I am trying to fit smooth curve to my dataset; is there is any better smoothing curve than I produced using the following codes:
x <- seq(1, 10, 0.5)
y <-
You've got 19 points, so a polynomial up to X^18 will bullseye each of your points:
> xl=seq(0,10,len=100)
> p=lm(y~poly(x,18))
> plot(x,y)
> lines(xl,predict(p,newdata=data.frame(x=xl)))

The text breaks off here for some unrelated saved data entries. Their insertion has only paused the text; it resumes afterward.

definition realization :: "nat \<Rightarrow> nat set list set \<Rightarrow> (nat \<Rightarrow> real) set" where
  "realization n K = (\<Union>bs\<in>K. face_cell n bs)"

definition is_sphere_of_dim :: "(nat \<Rightarrow> real) set \<Rightarrow> int \<Rightarrow> bool" where
  "is_sphere_of_dim S d \<longleftrightarrow>
     (d = -1 \<and> S = {}) \<or>
     (d \<ge> 0 \<and> subtopology (powertop_real UNIV) S homeomorphic_space nsphere (nat d))"

end

theory Submission imports Defs begin

(* A point of the braid sphere lies in the cell of exactly one ordered set
   partition, namely the partition into its level sets listed by increasing value.  Hence
   the realization of Q_F \<inter> Q_F' is the set of unit vectors x of the hyperplane
   sum x_i = 0 in R^[n] that are constant on F and on F' (lemma
   realization_edge_spheres_inter).  This set is the unit sphere of a linear subspace:
   x is determined by its values on [n] - F - F' together with its value on F' (if F and
   F' are disjoint; the value on F is then forced by the zero sum), resp. by its values
   on [n] - (F \<union> F') (if F and F' meet, so that x is constant on F \<union> F').
   The final claim about faces is purely combinatorial: a face of Q_F \<inter> Q_F' with two
   or more blocks exists unless F \<union> F' = [n] and F, F' meet in a common block. *)

section \<open>Unit spheres of cones\<close>

definition unit_part :: "nat set \<Rightarrow> (nat \<Rightarrow> real) set \<Rightarrow> (nat \<Rightarrow> real) set" where
  "unit_part I S = {x \<in> S. (\<Sum>i\<in>I. x i ^ 2) = 1}"

definition normalize :: "nat set \<Rightarrow> (nat \<Rightarrow> real) \<Rightarrow> (nat \<Rightarrow> real)" where
  "normalize J y = (\<lambda>i. y i / sqrt (\<Sum>j\<in>J. y j ^ 2))"

lemma normalize_unit:
  assumes "(\<Sum>j\<in>J. y j ^ 2) \<noteq> 0"
  shows "(\<Sum>i\<in>J. normalize J y i ^ 2) = 1"
proof -
  have "(\<Sum>i\<in>J. normalize J y i ^ 2) = (\<Sum>j\<in>J. y j ^ 2) / (sqrt (\<Sum>j\<in>J. y j ^ 2))^2"
    by (simp add: normalize_def power_divide sum_divide_distrib)
  also have "(sqrt (\<Sum>j\<in>J. y j ^ 2))^2 = (\<Sum>j\<in>J. y j ^ 2)" by (simp add: sum_nonneg)
  finally show ?thesis using assms by simp
qed

lemma normalize_is_scaling:
  assumes "(\<Sum>j\<in>J. y j ^ 2) \<noteq> 0"
  shows "\<exists>c > 0. normalize J y = (\<lambda>i. c * y i)"
proof -
  have "sqrt (\<Sum>j\<in>J. y j ^ 2) > 0" using assms sum_nonneg[of J "\<lambda>j. y j ^ 2"] by simp
  thus ?thesis by (intro exI[of _ "1 / sqrt (\<Sum>j\<in>J. y j ^ 2)"]) (simp add: normalize_def)
qed

lemma normalize_scale:
  assumes "c > 0"
  shows "normalize J (\<lambda>i. c * y i) = normalize J y"
proof -
  have "sqrt (\<Sum>j\<in>J. (c * y j) ^ 2) = c * sqrt (\<Sum>j\<in>J. y j ^ 2)"
    using assms by (simp add: power_mult_distrib sum_distrib_left[symmetric] real_sqrt_mult)
  thus ?thesis using assms by (simp add: normalize_def fun_eq_iff)
qed

lemma normalize_unit_id: "(\<Sum>j\<in>J. y j ^ 2) = 1 \<Longrightarrow> normalize J y = y"
  by (simp add: normalize_def)

lemma continuous_map_coordinate:
  "continuous_map (powertop_real UNIV) euclideanreal (\<lambda>x. x k)"
  using continuous_map_product_projection[of k UNIV "\<lambda>_. euclideanreal"] by simp

lemma continuous_map_normalize:
  assumes "finite J"
    and h: "\<And>i. continuous_map (powertop_real UNIV) euclideanreal (\<lambda>x. h x i)"
    and nonzero: "\<And>x. x \<in> S \<Longrightarrow> (\<Sum>j\<in>J. h x j ^ 2) \<noteq> 0"
  shows "continuous_map (subtopology (powertop_real UNIV) S) (powertop_real UNIV)
           (\<lambda>x. normalize J (h x))"
  unfolding continuous_map_componentwise_UNIV normalize_def
  using nonzero
  by (intro allI continuous_intros continuous_map_from_subtopology h assms(1))
    (auto simp: sum_nonneg)

lemma homogeneous_zero:
  fixes h :: "(nat \<Rightarrow> real) \<Rightarrow> (nat \<Rightarrow> real)"
  assumes "\<And>x c. c > 0 \<Longrightarrow> h (\<lambda>i. c * x i) = (\<lambda>i. c * h x i)"
  shows "h (\<lambda>i. 0) = (\<lambda>i. 0)"
proof -
  have "h (\<lambda>i. 2 * 0) = (\<lambda>i. 2 * h (\<lambda>i. 0) i)" using assms[of 2 "\<lambda>i. 0"] by simp
  thus ?thesis by (simp add: fun_eq_iff)
qed

lemma sum_squares_eq_0_imp_zero:
  fixes y :: "nat \<Rightarrow> real"
  assumes "finite J" "(\<Sum>j\<in>J. y j ^ 2) = 0" "\<And>i. i \<notin> J \<Longrightarrow> y i = 0"
  shows "y = (\<lambda>i. 0)"
proof
  fix i
  show "y i = 0"
  proof (cases "i \<in> J")
    case True
    thus ?thesis using assms(1,2) sum_nonneg_eq_0_iff[of J "\<lambda>j. y j ^ 2"] by simp
  qed (use assms(3) in blast)
qed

BUT that's ignoring what statistics is all about. Its about acknowledging that curves won't fit through points. Its about finding a model with a small number of parameters that explains as much as it can about the data, and leaves only noise. Its not about spearing your points with a curve - a curve so drawn has very little meaning between the data points.
As posed, the question is almost meaningless. There is no such thing as a "best" line of fit, since "best" depends on the objectives of your study. It is fairly trivial to generate a smoothed line to fit through every single point of data (e.g. a 18th order polynomial will fit your data perfectly, but will most likely be quite meaningless).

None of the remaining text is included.